Task item - From the listing below, copy every line with the word "intro".

'''

lemma sum_pairs_nonzero:
  fixes A :: "'a::zero set" and B :: "'b::zero set" and f :: "bool \<Rightarrow> bool \<Rightarrow> real"
  assumes "finite A" "finite B" "0 \<in> A" "0 \<in> B"
  shows "(\<Sum>p\<in>A \<times> B - {(0, 0)}. f (fst p \<noteq> 0) (snd p \<noteq> 0))
       = real (card A - 1) * real (card B - 1) * f True True
       + real (card A - 1) * f True False + real (card B - 1) * f False True"
proof -
  let ?A = "A - {0}" and ?B = "B - {0}"
  have split: "A \<times> B - {(0, 0)} = ?A \<times> ?B \<union> ?A \<times> {0} \<union> {0} \<times> ?B"
    using assms by auto
  let ?g = "\<lambda>p :: 'a \<times> 'b. f (fst p \<noteq> 0) (snd p \<noteq> 0)"
  have "sum ?g (A \<times> B - {(0, 0)}) = sum ?g (?A \<times> ?B \<union> ?A \<times> {0}) + sum ?g ({0} \<times> ?B)"
    unfolding split using assms by (intro sum.union_disjoint) auto
  also have "sum ?g (?A \<times> ?B \<union> ?A \<times> {0}) = sum ?g (?A \<times> ?B) + sum ?g (?A \<times> {0})"
    using assms by (intro sum.union_disjoint) auto
  also have "sum ?g (?A \<times> ?B) = (\<Sum>p\<in>?A \<times> ?B. f True True)"
    by (rule sum.cong[OF refl]) (simp add: mem_Times_iff)
  also have "sum ?g (?A \<times> {0}) = (\<Sum>p\<in>?A \<times> {0::'b}. f True False)"
    by (rule sum.cong[OF refl]) (simp add: mem_Times_iff)
  also have "sum ?g ({0} \<times> ?B) = (\<Sum>p\<in>{0::'a} \<times> ?B. f False True)"
    by (rule sum.cong[OF refl]) (simp add: mem_Times_iff)
  finally show ?thesis
    using assms by (simp add: card_cartesian_product card_Diff_singleton)
qed
(* Let $f:\mathbb{R}\to\mathbb{R}$ be a concave function such that $f(0)=0$, $f$ is differentiable at $0$, $f'(0)\neq 0$, $\sup_x f(x)=M>0$, and $\operatorname{argsup}_x f(x)>0$. Let $\mathbb{P}$ and $\mathbb{Q}$ be probability distributions with support $\mathcal{X}$, and let $\mathbb{M}=\frac12\mathbb{P}+\frac12\mathbb{Q}$. Define $$\mathrm{D}^{Rp}_f(\mathbb{P},\mathbb{Q})=\sup_{C:\mathcal{X}\to\mathbb{R}} 2\,\mathbb{E}_{x\sim\mathbb{P},\,y\sim\mathbb{Q}}\big[f(C(x)-C(y))\big],$$ $$\mathrm{D}^{Ra}_f(\mathbb{P},\mathbb{Q})=\sup_{C:\mathcal{X}\to\mathbb{R}} \mathbb{E}_{x\sim\mathbb{P}}\Big[f\big(C(x)-\mathbb{E}_{y\sim\mathbb{Q}}C(y)\big)\Big]+\mathbb{E}_{y\sim\mathbb{Q}}\Big[f\big(\mathbb{E}_{x\sim\mathbb{P}}C(x)-C(y)\big)\Big],$$ $$\mathrm{D}^{Ralf}_f(\mathbb{P},\mathbb{Q})=\sup_{C:\mathcal{X}\to\mathbb{R}} 2\,\mathbb{E}_{x\sim\mathbb{P}}\Big[f\big(C(x)-\mathbb{E}_{y\sim\mathbb{Q}}C(y)\big)\Big],$$ $$\mathrm{D}^{Rc}_f(\mathbb{P},\mathbb{Q})=\sup_{C:\mathcal{X}\to\mathbb{R}} \mathbb{E}_{x\sim\mathbb{P}}\Big[f\big(C(x)-\mathbb{E}_{m\sim\mathbb{M}}C(m)\big)\Big]+\mathbb{E}_{y\sim\mathbb{Q}}\Big[f\big(\mathbb{E}_{m\sim\mathbb{M}}C(m)-C(y)\big)\Big].$$ Then $\mathrm{D}^{Rp}_f$, $\mathrm{D}^{Ra}_f$, $\mathrm{D}^{Ralf}_f$ and $\mathrm{D}^{Rc}_f$ are divergences.
   Context: The suprema range over (measurable) critic functions $C:\mathcal{X}\to\mathbb{R}$ for which the expectations are defined. A function $D$ assigning a real number to each pair of probability distributions on a common support is a divergence if for all $\mathbb{P},\mathbb{Q}$: $D(\mathbb{P},\mathbb{Q})\ge 0$, and $D(\mathbb{P},\mathbb{Q})=0$ if and only if $\mathbb{P}=\mathbb{Q}$. The condition $\operatorname{argsup}_x f(x)>0$ means the supremum of $f$ is reached at some positive $x$ (or approached as $x\to+\infty$). *)

theory Defs
  imports "HOL-Probability.Probability"
begin
lemma exps_of_degree_eq_Union_shapes:
  "exps_of_degree k = (\<Union>nu\<in>partitions k. exps_of_shape nu)"
proof (intro equalityI subsetI)
  fix \<alpha> assume \<alpha>: "\<alpha> \<in> exps_of_degree k"
  define M where "M = image_mset \<alpha> (mset_set {i. \<alpha> i \<noteq> 0})"
  have "0 \<notin># M" "sum_mset M = k"
    using \<alpha> by (auto simp: M_def exps_of_degree_def exps_degree_def sum_unfold_sum_mset)
  then have "rev (sorted_list_of_multiset M) \<in> partitions k"
    using rev_sorted_list_of_multiset_in_partitions by blast
  moreover have "\<alpha> \<in> exps_of_shape (rev (sorted_list_of_multiset M))"
    using \<alpha> by (simp add: exps_of_shape_def exps_of_degree_def M_def)
  ultimately show "\<alpha> \<in> (\<Union>nu\<in>partitions k. exps_of_shape nu)"
    by blast
next
  fix \<alpha> assume "\<alpha> \<in> (\<Union>nu\<in>partitions k. exps_of_shape nu)"
  then obtain nu where "nu \<in> partitions k" "finite {i. \<alpha> i \<noteq> 0}"
      "image_mset \<alpha> (mset_set {i. \<alpha> i \<noteq> 0}) = mset nu"
    by (auto simp: exps_of_shape_def)
  then show "\<alpha> \<in> exps_of_degree k"
    by (simp add: exps_of_degree_def exps_degree_def sum_unfold_sum_mset sum_mset_sum_list
        partitions_def)
qed

lemma hsym_qpowers:
  fixes q :: real
  assumes q: "0 < q" "q < 1"
  shows "hsym k (\<lambda>i. q ^ i) = 1 / qpoch q k"
proof -
  have "hsym k (\<lambda>i. q ^ i) = (\<Sum>nu\<in>partitions k. \<Sum>\<^sub>\<infinity>\<alpha>\<in>exps_of_shape nu. q ^ exps_qdegree \<alpha>)"
    by (simp add: hsym_def msym_qpowers)
  also have "\<dots> = (\<Sum>\<^sub>\<infinity>\<alpha>\<in>exps_of_degree k. q ^ exps_qdegree \<alpha>)"
    unfolding exps_of_degree_eq_Union_shapes
  proof (rule sum_infsum)
    show "(\<lambda>\<alpha>. q ^ exps_qdegree \<alpha>) summable_on exps_of_shape nu" if "nu \<in> partitions k" for nu
      using that by (intro summable_on_subset_banach[OF summable_on_exps_of_degree[OF q, of k]])
        (auto simp: exps_of_degree_eq_Union_shapes)
    show "exps_of_shape nu \<inter> exps_of_shape nu' = {}"
      if "nu \<in> partitions k" "nu' \<in> partitions k" "nu \<noteq> nu'" for nu nu'
      using that partitions_eq_if_mset_eq by (auto simp: exps_of_shape_def)
  qed (rule finite_partitions)
  also have "\<dots> = 1 / qpoch q k"
    by (rule infsum_exps_of_degree[OF q])
  finally show ?thesis .
qed

lemma hprod_qpowers:
  fixes q :: real
  assumes "0 < q" "q < 1"
  shows "hprod lam (\<lambda>i. q ^ i) = (\<Prod>k\<leftarrow>lam. 1 / qpoch q k)"
  by (simp add: hprod_def hsym_qpowers[OF assms])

'''

The completed task -
    unfolding split using assms by (intro sum.union_disjoint) auto
    using assms by (intro sum.union_disjoint) auto
proof (intro equalityI subsetI)
      using that by (intro summable_on_subset_banach[OF summable_on_exps_of_degree[OF q, of k]])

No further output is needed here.